You will also need the iris data set. You can import the Iris data set with the following code:

``iris_data = pd.read_json('https://raw.githubusercontent.com/nicholasmccullum/python-visualization/master/iris/iris.json')``

## What is a Histogram?

A histogram is a visualization that shows the prevalence of numerical data over a distribution. The horizontal axis is a particular value, and the vertical axis displays how many times that value was observed in the data set.

An example of a histogram is below. As you'll see, colors are used to differentiate between two subsets within the data.

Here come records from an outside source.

(* Let $(A,P)$ be a complete filtered Rota--Baxter algebra of weight zero over a field $\mathbb{K}$ of characteristic zero, and let $a\in A_1$. Let $\chi_0:A_1\to A_1$ be the weight zero BCH-recursion, i.e. the map determined by $$\chi_0(a)=-\frac{\mathrm{ad}\,P(\chi_0(a))}{1-e^{\mathrm{ad}\,P(\chi_0(a))}}(a)=\sum_{n\ge0}\frac{B_n}{n!}\big(\mathrm{ad}\,P(\chi_0(a))\big)^n(a),$$ where $B_n$ are the Bernoulli numbers ($B_0=1$, $B_1=-1/2$, $B_2=1/6,\dots$) and $\mathrm{ad}\,u(v)=uv-vu$. Then: (1) the equation $x=1-P(x\,a)$ has the unique solution $x=\exp\big(-P(\chi_0(a))\big)$; (2) the equation $y=1+P(a\,y)$ has the unique solution $y=\exp\big(P(\chi_0(a))\big)$.
   Context: A Rota--Baxter algebra of weight zero is an associative algebra $A$ with a linear map $P$ satisfying $P(x)P(y)=P(xP(y))+P(P(x)y)$ for all $x,y\in A$. A complete filtered Rota--Baxter algebra is one with a decreasing filtration $A=A_0\supseteq A_1\supseteq\cdots$ by ideals $A_n$ with $P(A_n)\subseteq A_n$, $A_mA_n\subseteq A_{m+n}$, and $A\cong\varprojlim A/A_n$. The map $\chi_0$ is the unique map $A_1\to A_1$ satisfying the displayed equation (determined inductively with respect to the filtration). *)

theory Defs
  imports Complex_Main
begin

fun bernoulli :: "nat \<Rightarrow> rat" where
  "bernoulli n = (if n = 0 then 1 else
     - (\<Sum>k\<in>{..<n}. of_nat ((n + 1) choose k) * (if k < n then bernoulli k else 0)) / of_nat (n + 1))"

declare bernoulli.simps [simp del]

definition is_algebra :: "('k::field \<Rightarrow> 'a::ring_1 \<Rightarrow> 'a) \<Rightarrow> bool" where
  "is_algebra smult \<longleftrightarrow>
     (\<forall>c x y. smult c (x + y) = smult c x + smult c y) \<and>
     (\<forall>c d x. smult (c + d) x = smult c x + smult d x) \<and>
     (\<forall>c d x. smult (c * d) x = smult c (smult d x)) \<and>
     (\<forall>x. smult 1 x = x) \<and>
     (\<forall>c x y. smult c (x * y) = smult c x * y) \<and>
     (\<forall>c x y. smult c (x * y) = x * smult c y)"

definition is_RB0 :: "('k::field \<Rightarrow> 'a::ring_1 \<Rightarrow> 'a) \<Rightarrow> ('a \<Rightarrow> 'a) \<Rightarrow> bool" where
  "is_RB0 smult P \<longleftrightarrow>
     (\<forall>x y. P (x + y) = P x + P y) \<and>
     (\<forall>c x. P (smult c x) = smult c (P x)) \<and>
     (\<forall>x y. P x * P y = P (x * P y) + P (P x * y))"

definition filt_lim :: "(nat \<Rightarrow> 'a::ab_group_add set) \<Rightarrow> (nat \<Rightarrow> 'a) \<Rightarrow> 'a \<Rightarrow> bool" where
  "filt_lim F s l \<longleftrightarrow> (\<forall>k. \<exists>N. \<forall>m\<ge>N. s m - l \<in> F k)"

definition filt_cauchy :: "(nat \<Rightarrow> 'a::ab_group_add set) \<Rightarrow> (nat \<Rightarrow> 'a) \<Rightarrow> bool" where
  "filt_cauchy F s \<longleftrightarrow> (\<forall>k. \<exists>N. \<forall>m\<ge>N. \<forall>n\<ge>N. s m - s n \<in> F k)"

definition filt_sums :: "(nat \<Rightarrow> 'a::ab_group_add set) \<Rightarrow> (nat \<Rightarrow> 'a) \<Rightarrow> 'a \<Rightarrow> bool" where
  "filt_sums F f l \<longleftrightarrow> filt_lim F (\<lambda>m. \<Sum>i<m. f i) l"

text \<open>A decreasing filtration by (two-sided, K-linear) ideals, stable under P,
  multiplicative, and complete and Hausdorff, i.e. A is isomorphic to the
  inverse limit of the A/A_n.\<close>

definition complete_filtered_RB0 ::
  "('k::field \<Rightarrow> 'a::ring_1 \<Rightarrow> 'a) \<Rightarrow> ('a \<Rightarrow> 'a) \<Rightarrow> (nat \<Rightarrow> 'a set) \<Rightarrow> bool" where
  "complete_filtered_RB0 smult P F \<longleftrightarrow>
     is_algebra smult \<and> is_RB0 smult P \<and>
     F 0 = UNIV \<and>
     (\<forall>n. F (Suc n) \<subseteq> F n) \<and>
     (\<forall>n. 0 \<in> F n \<and> (\<forall>x\<in>F n. \<forall>y\<in>F n. x + y \<in> F n \<and> x - y \<in> F n)) \<and>
     (\<forall>n c. \<forall>x\<in>F n. smult c x \<in> F n) \<and>
     (\<forall>n. \<forall>x\<in>F n. \<forall>y. x * y \<in> F n \<and> y * x \<in> F n) \<and>
     (\<forall>n. P ` F n \<subseteq> F n) \<and>
     (\<forall>m n. \<forall>x\<in>F m. \<forall>y\<in>F n. x * y \<in> F (m + n)) \<and>
     (\<Inter>n. F n) = {0} \<and>
     (\<forall>s. filt_cauchy F s \<longrightarrow> (\<exists>l. filt_lim F s l))"

definition filt_exp :: "(nat \<Rightarrow> 'a::ring_1 set) \<Rightarrow> ('k::field_char_0 \<Rightarrow> 'a \<Rightarrow> 'a) \<Rightarrow> 'a \<Rightarrow> 'a" where
  "filt_exp F smult x = (THE l. filt_sums F (\<lambda>n. smult (inverse (fact n)) (x ^ n)) l)"

definition ad :: "'a::ring \<Rightarrow> 'a \<Rightarrow> 'a" where
  "ad u v = u * v - v * u"

end

theory Submission
  imports Defs
begin

text \<open>
  Write W = P (chi0 a). In weight zero the Rota--Baxter identity expands powers of P c as
  (P c)^(n+1) = P (sum_k (P c)^k c (P c)^(n-k)); rewriting these sandwich sums through ad (P c)
  gives exp (P c) = 1 + P (G(c) * exp (P c)), where G = (e^(ad P c) - 1) / ad P c.
  For c = chi0 a the Bernoulli series defining chi0 says exactly that G(c) = a, because
  z / (e^z - 1) and (e^z - 1) / z are inverse power series; so y = exp W solves y = 1 + P (a y).
  Both equations are contractions for the filtration, hence have unique solutions. Finally the
  Rota--Baxter identity shows x y = 1 for the solution x of x = 1 - P (x a), and since exp W has
  the two-sided inverse exp (- W), this forces x = exp (- W).
\<close>

section \<open>Combinatorial identities\<close>

lemma bernoulli_recursion:
  "(\<Sum>k\<le>n. of_nat (Suc n choose k) * bernoulli k) = (if n = 0 then 1 else 0)"
proof (cases n)
  case (Suc m)
  have "(\<Sum>k\<le>Suc m. of_nat (Suc (Suc m) choose k) * bernoulli k)
      = (\<Sum>k<Suc m. of_nat (Suc (Suc m) choose k) * bernoulli k) +
        of_nat (Suc (Suc m)) * bernoulli (Suc m)"
    by (simp add: lessThan_Suc_atMost[symmetric])
  also have "\<dots> = 0"
    by (subst (2) bernoulli.simps) (simp del: of_nat_Suc)
  finally show ?thesis using Suc by simp
qed (simp add: bernoulli.simps)

text \<open>Coefficientwise form of ((e^z - 1) / z) * (z / (e^z - 1)) = 1.\<close>

lemma bernoulli_exp_convolution:
  "(\<Sum>i\<le>n. inverse (fact (Suc i)) * (bernoulli (n - i) / fact (n - i))) = (if n = 0 then 1 else 0)"
proof -
  have "(\<Sum>i\<le>n. inverse (fact (Suc i)) * (bernoulli (n - i) / fact (n - i)))
      = (\<Sum>k\<le>n. inverse (fact (Suc (n - k))) * (bernoulli k / fact k))"
    by (subst sum.atLeastAtMost_rev[of _ 0 n, simplified atLeast0AtMost]) (rule sum.cong, auto)
  also have "\<dots> = (\<Sum>k\<le>n. of_nat (Suc n choose k) * bernoulli k) / fact (Suc n)"
    unfolding sum_divide_distrib
  proof (rule sum.cong)
    fix k assume "k \<in> {..n}"
    then have "k \<le> Suc n" "Suc n - k = Suc (n - k)" by auto
    then show "inverse (fact (Suc (n - k))) * (bernoulli k / fact k)
        = of_nat (Suc n choose k) * bernoulli k / fact (Suc n)"
      by (simp add: binomial_fact field_simps del: fact_Suc)
  qed simp
  finally show ?thesis by (simp add: bernoulli_recursion)
qed

lemma inverse_fact_binomial:
  assumes "i \<le> n"
  shows "(inverse (fact (Suc n)) * of_nat (Suc n choose Suc i) :: 'k::field_char_0)
    = inverse (fact (Suc i)) * inverse (fact (n - i))"
  using binomial_fact[of "Suc i" "Suc n", where 'a = 'k] assms
  by (simp add: field_simps del: fact_Suc)

definition sandwich :: "'a::ring_1 \<Rightarrow> 'a \<Rightarrow> nat \<Rightarrow> 'a" where
  "sandwich w c n = (\<Sum>k\<le>n. w ^ k * c * w ^ (n - k))"

lemma sandwich_0 [simp]: "sandwich w c 0 = c"
  by (simp add: sandwich_def)

lemma sandwich_Suc: "sandwich w c (Suc n) = w * sandwich w c n + c * w ^ Suc n"
proof -
  have "sandwich w c (Suc n) = c * w ^ Suc n + (\<Sum>k\<le>n. w ^ Suc k * c * w ^ (Suc n - Suc k))"
    unfolding sandwich_def by (subst sum.atMost_Suc_shift) simp
  also have "(\<Sum>k\<le>n. w ^ Suc k * c * w ^ (Suc n - Suc k)) = w * sandwich w c n"
    unfolding sandwich_def by (simp add: sum_distrib_left mult.assoc)
  finally show ?thesis by (simp add: add.commute)
qed
(* Every simple bipartite nonplanar cubic graph $B$ with at most $10$ vertices satisfies $K'(B,3)>1$.
   Context: A proper $3$-edge coloring assigns colors from $\{1,2,3\}$ to edges so that adjacent edges receive different colors. For colors $a\neq b$, an edge-Kempe chain is a connected component of the subgraph of edges colored $a$ or $b$; an edge-Kempe switch interchanges $a$ and $b$ on one chain. $K'(G,3)$ is the number of equivalence classes of proper $3$-edge colorings of $G$ under the equivalence relation generated by edge-Kempe switches. *)

theory Defs
  imports "HOL-Analysis.Analysis"
begin

definition simple_graph :: "'a set \<Rightarrow> 'a set set \<Rightarrow> bool" where
  "simple_graph V E \<longleftrightarrow> finite V \<and> (\<forall>e\<in>E. e \<subseteq> V \<and> card e = 2)"

definition cubic :: "'a set \<Rightarrow> 'a set set \<Rightarrow> bool" where
  "cubic V E \<longleftrightarrow> (\<forall>v\<in>V. card {e\<in>E. v \<in> e} = 3)"

definition bipartite :: "'a set \<Rightarrow> 'a set set \<Rightarrow> bool" where
  "bipartite V E \<longleftrightarrow> (\<exists>X. X \<subseteq> V \<and> (\<forall>e\<in>E. card (e \<inter> X) = 1))"

definition planar :: "'a set \<Rightarrow> 'a set set \<Rightarrow> bool" where
  "planar V E \<longleftrightarrow> (\<exists>(p :: 'a \<Rightarrow> complex) (\<gamma> :: 'a set \<Rightarrow> real \<Rightarrow> complex).
     inj_on p V \<and>
     (\<forall>e\<in>E. arc (\<gamma> e) \<and> {pathstart (\<gamma> e), pathfinish (\<gamma> e)} = p ` e) \<and>
     (\<forall>e\<in>E. \<gamma> e ` {0<..<1} \<inter> p ` V = {}) \<and>
     (\<forall>e\<in>E. \<forall>f\<in>E. e \<noteq> f \<longrightarrow> \<gamma> e ` {0<..<1} \<inter> \<gamma> f ` {0..1} = {}))"

definition edge_colorings3 :: "'a set set \<Rightarrow> ('a set \<Rightarrow> nat) set" where
  "edge_colorings3 E = {c. (\<forall>e\<in>E. c e \<in> {1,2,3}) \<and> (\<forall>e. e \<notin> E \<longrightarrow> c e = 0) \<and>
      (\<forall>e\<in>E. \<forall>f\<in>E. e \<noteq> f \<and> e \<inter> f \<noteq> {} \<longrightarrow> c e \<noteq> c f)}"

definition ab_edges :: "'a set set \<Rightarrow> ('a set \<Rightarrow> nat) \<Rightarrow> nat \<Rightarrow> nat \<Rightarrow> 'a set set" where
  "ab_edges E c a b = {e\<in>E. c e = a \<or> c e = b}"

definition kempe_chain :: "'a set set \<Rightarrow> ('a set \<Rightarrow> nat) \<Rightarrow> nat \<Rightarrow> nat \<Rightarrow> 'a set \<Rightarrow> 'a set set" where
  "kempe_chain E c a b e0 =
     {f. (\<lambda>x y. x \<in> ab_edges E c a b \<and> y \<in> ab_edges E c a b \<and> x \<inter> y \<noteq> {})\<^sup>*\<^sup>* e0 f}"

definition swap_col :: "nat \<Rightarrow> nat \<Rightarrow> nat \<Rightarrow> nat" where
  "swap_col a b x = (if x = a then b else if x = b then a else x)"

definition kempe_switch ::
  "'a set set \<Rightarrow> ('a set \<Rightarrow> nat) \<Rightarrow> nat \<Rightarrow> nat \<Rightarrow> 'a set \<Rightarrow> ('a set \<Rightarrow> nat)" where
  "kempe_switch E c a b e0 =
     (\<lambda>e. if e \<in> kempe_chain E c a b e0 then swap_col a b (c e) else c e)"

definition kempe_step :: "'a set set \<Rightarrow> ('a set \<Rightarrow> nat) \<Rightarrow> ('a set \<Rightarrow> nat) \<Rightarrow> bool" where
  "kempe_step E c d \<longleftrightarrow> c \<in> edge_colorings3 E \<and>
     (\<exists>a b e0. a \<in> {1,2,3} \<and> b \<in> {1,2,3} \<and> a \<noteq> b \<and> e0 \<in> ab_edges E c a b \<and>
        d = kempe_switch E c a b e0)"
locale trapezoid_data =
  fixes D :: "(real \<times> real) set" and r Om phi :: "real \<Rightarrow> real \<Rightarrow> real"
    and U V r0 M eps :: real and T I :: "(real \<times> real) set"
  assumes solution: "reduced_ESF_solution D r Om phi"
    and r0_pos: "0 < r0" and M_pos: "0 < M" and eps: "0 < eps" "eps < 1"
    and T_eq: "T = {(u,v) \<in> D. U < u \<and> V < v \<and> r u v < r0}"
    and I_eq: "I = {(u,v) \<in> D. U \<le> u \<and> V \<le> v \<and> r u v = r0}"
    and trapped: "\<And>u v. (u,v) \<in> T \<Longrightarrow> pu r u v < 0 \<and> pv r u v < 0"
    and past_u_segment: "\<And>u v. (u,v) \<in> T \<Longrightarrow>
       \<exists>u0. U \<le> u0 \<and> u0 < u \<and> (u0,v) \<in> I \<and> (\<forall>s. u0 < s \<and> s \<le> u \<longrightarrow> (s,v) \<in> T)"
    and past_v_segment: "\<And>u v. (u,v) \<in> T \<Longrightarrow>
       \<exists>v0. V \<le> v0 \<and> v0 < v \<and> (u,v0) \<in> I \<and> (\<forall>t. v0 < t \<and> t \<le> v \<longrightarrow> (u,t) \<in> T)"
    and initial_data: "\<And>u v. (u,v) \<in> I \<Longrightarrow>
       \<bar>pv r u v + M/r0\<bar> \<le> eps*M/r0 \<and> \<bar>pu r u v + M/r0\<bar> \<le> eps*M/r0 \<and>
       \<bar>(Om u v)\<^sup>2 - 2*M/r0\<bar> \<le> eps*M/r0 \<and> \<bar>pu phi u v\<bar> \<le> eps/r0\<^sup>2 \<and> \<bar>pv phi u v\<bar> \<le> eps/r0\<^sup>2"
begin

definition initial_u_segment :: "real \<Rightarrow> real \<Rightarrow> real \<Rightarrow> bool" where
  "initial_u_segment u0 u v \<longleftrightarrow> (u0,v) \<in> I \<and> (\<forall>s. u0 < s \<and> s \<le> u \<longrightarrow> (s,v) \<in> T)"

definition kappa :: real where
  "kappa = (2 + eps) / (1 - eps)"

lemma kappa_pos: "0 < kappa"
  using eps by (simp add: kappa_def)

lemma open_D: "open D"
  using solution by (simp add: reduced_ESF_solution_def)

lemma C1_on_D: "C1_on D r" "C1_on D (pu r)" "C1_on D (pv r)" "C1_on D Om"
  "C1_on D phi" "C1_on D (pu phi)" "C1_on D (pv phi)"
  using solution by (simp_all add: reduced_ESF_solution_def)

lemma field_equations:
  assumes "(u,v) \<in> D"
  shows "r u v > 0" "Om u v > 0"
    "r u v * pu (pv r) u v = - pu r u v * pv r u v - (1/4) * (Om u v)\<^sup>2"
    "r u v * pu (pv phi) u v = - pu r u v * pv phi u v - pv r u v * pu phi u v"
    "pu (\<lambda>a b. pu r a b / (Om a b)\<^sup>2) u v = - r u v * (pu phi u v)\<^sup>2 / (Om u v)\<^sup>2"
  using solution assms unfolding reduced_ESF_solution_def by blast+

lemma T_subset_D: "(u,v) \<in> T \<Longrightarrow> (u,v) \<in> D" and I_subset_D: "(u,v) \<in> I \<Longrightarrow> (u,v) \<in> D"
  and r_on_T: "(u,v) \<in> T \<Longrightarrow> r u v < r0" and r_on_I: "(u,v) \<in> I \<Longrightarrow> r u v = r0"
  by (auto simp: T_eq I_eq)

lemma I_disjoint_T: "(u,v) \<in> I \<Longrightarrow> (u,v) \<notin> T"
  using r_on_I r_on_T by fastforce

lemma initial_estimates:
  assumes "(u,v) \<in> I"
  shows "pu r u v \<le> -(1-eps)*M/r0" "pu r u v \<ge> -(1+eps)*M/r0"
    "pv r u v \<le> -(1-eps)*M/r0" "pv r u v \<ge> -(1+eps)*M/r0"
    "(Om u v)\<^sup>2 \<le> (2+eps)*M/r0" "\<bar>pu phi u v\<bar> \<le> eps/r0\<^sup>2" "\<bar>pv phi u v\<bar> \<le> eps/r0\<^sup>2"
    "pu r u v < 0" "pv r u v < 0"
proof -
  have "pu r u v + M/r0 \<le> eps*M/r0" "-(eps*M/r0) \<le> pu r u v + M/r0"
    "pv r u v + M/r0 \<le> eps*M/r0" "-(eps*M/r0) \<le> pv r u v + M/r0"
    "(Om u v)\<^sup>2 - 2*M/r0 \<le> eps*M/r0" "(1-eps)*M/r0 > 0"
    using initial_data[OF assms] eps M_pos r0_pos by (auto simp: abs_le_iff)
  then show "pu r u v \<le> -(1-eps)*M/r0" "pu r u v \<ge> -(1+eps)*M/r0"
    "pv r u v \<le> -(1-eps)*M/r0" "pv r u v \<ge> -(1+eps)*M/r0"
    "(Om u v)\<^sup>2 \<le> (2+eps)*M/r0" "pu r u v < 0" "pv r u v < 0"
    by (auto simp: field_simps diff_divide_distrib add_divide_distrib)
  show "\<bar>pu phi u v\<bar> \<le> eps/r0\<^sup>2" "\<bar>pv phi u v\<bar> \<le> eps/r0\<^sup>2"
    using initial_data[OF assms] by auto
qed

lemma on_initial_u_segment:
  assumes "initial_u_segment u0 u v" "u0 \<le> x" "x \<le> u"
  shows "(x,v) \<in> D" "pu r x v < 0" "pv r x v < 0" "r x v \<le> r0" "0 < r x v"
proof -
  have "x = u0 \<or> (x,v) \<in> T" using assms by (force simp: initial_u_segment_def)
  then show "(x,v) \<in> D" "pu r x v < 0" "pv r x v < 0" "r x v \<le> r0"
    using assms(1) initial_estimates[of x v] trapped[of x v] I_subset_D T_subset_D r_on_T r_on_I
    by (auto simp: initial_u_segment_def intro: less_imp_le)
  then show "0 < r x v" using field_equations(1) by blast
qed

lemma has_derivative_u:
  assumes "(x,v) \<in> D"
  shows "((\<lambda>s. r s v) has_real_derivative pu r x v) (at x)"
    "((\<lambda>s. pu r s v) has_real_derivative pu (pu r) x v) (at x)"
    "((\<lambda>s. pv r s v) has_real_derivative pu (pv r) x v) (at x)"
    "((\<lambda>s. Om s v) has_real_derivative pu Om x v) (at x)"
    "((\<lambda>s. pv phi s v) has_real_derivative pu (pv phi) x v) (at x)"
  using C1_on_D assms C1_on_pu_has_real_derivative by blast+

lemma raychaudhuri_u:
  assumes "(x,v) \<in> D"
  shows "((\<lambda>s. pu r s v / (Om s v)\<^sup>2) has_real_derivative - r x v * (pu phi x v)\<^sup>2 / (Om x v)\<^sup>2) (at x)"
proof -
  have "(Om x v)\<^sup>2 \<noteq> 0" using field_equations(2)[OF assms] by simp
  then obtain d where d: "((\<lambda>s. pu r s v / (Om s v)\<^sup>2) has_real_derivative d) (at x)"
    using DERIV_divide[OF has_derivative_u(2)[OF assms] DERIV_power[OF has_derivative_u(4)[OF assms]]]
    by blast
  moreover have "pu (\<lambda>a b. pu r a b / (Om a b)\<^sup>2) x v = d" using pu_eqI d by fast
  ultimately show ?thesis using field_equations(5)[OF assms] by simp
qed

lemma Om_sq_le_kappa_pu_r:
  assumes seg: "initial_u_segment u0 u v" "u0 \<le> x" "x \<le> u"
  shows "(Om x v)\<^sup>2 \<le> kappa * (- pu r x v)"
proof -
  have u0I: "(u0,v) \<in> I" using seg by (simp add: initial_u_segment_def)
  have Om0: "(Om u0 v)\<^sup>2 > 0" "(Om x v)\<^sup>2 > 0"
    using field_equations(2)[OF I_subset_D[OF u0I]] field_equations(2)[OF on_initial_u_segment(1)[OF seg]]
    by auto
  have "pu r x v / (Om x v)\<^sup>2 \<le> pu r u0 v / (Om u0 v)\<^sup>2"
  proof (rule DERIV_nonpos_imp_nonincreasing[OF seg(2)])
    fix y assume "u0 \<le> y" "y \<le> x"
    then have "(y,v) \<in> D" "0 < r y v" using on_initial_u_segment[OF seg(1)] seg by auto
    then show "\<exists>d. ((\<lambda>s. pu r s v / (Om s v)\<^sup>2) has_real_derivative d) (at y) \<and> d \<le> 0"
      using raychaudhuri_u by (fastforce simp: divide_nonpos_pos)
  qed
  also have "\<dots> \<le> - (((1-eps)*M/r0) / ((2+eps)*M/r0))"
  proof -
    have "(1-eps)*M/r0 \<le> - pu r u0 v" "0 < (1-eps)*M/r0"
      using initial_estimates(1)[OF u0I] eps M_pos r0_pos by (auto simp: divide_simps algebra_simps)
    then have "((1-eps)*M/r0) / ((2+eps)*M/r0) \<le> (- pu r u0 v) / (Om u0 v)\<^sup>2"
      using initial_estimates(5)[OF u0I] Om0 by (intro frac_le) auto
    then show ?thesis by simp
  qed
  also have "\<dots> = - 1 / kappa"
  proof -
    have "2 + eps \<noteq> 0" "1 - eps \<noteq> 0" using eps by auto
    then show ?thesis using M_pos r0_pos by (simp add: kappa_def minus_divide_left)
  qed
  finally show ?thesis
    using Om0 kappa_pos by (simp add: field_simps)
qed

One key concept that you must understand when working with histograms is the idea of `bins` - how many parts the total range of the data set is divided into. Changing the number of `bins` in a histogram does not change the data set. It only changes the appearance of the data in the histogram.

An example is helpful. Below, you can see two histograms. The histogram on the left has 50 bins and the histogram on the right has 10 bins.

In the next section, you'll learn how to create histograms in Python using matplotlib.

## How To Create Histograms in Python Using Matplotlib

We can create histograms in Python using matplotlib with the `hist` method.

The `hist` method can accept a few different arguments, but the most important two are:

• `x`: the data set to be displayed within the histogram.
• `bins`: the number of bins that the histogram should be divided into.

Let's create our first histogram using our `iris_data` variable.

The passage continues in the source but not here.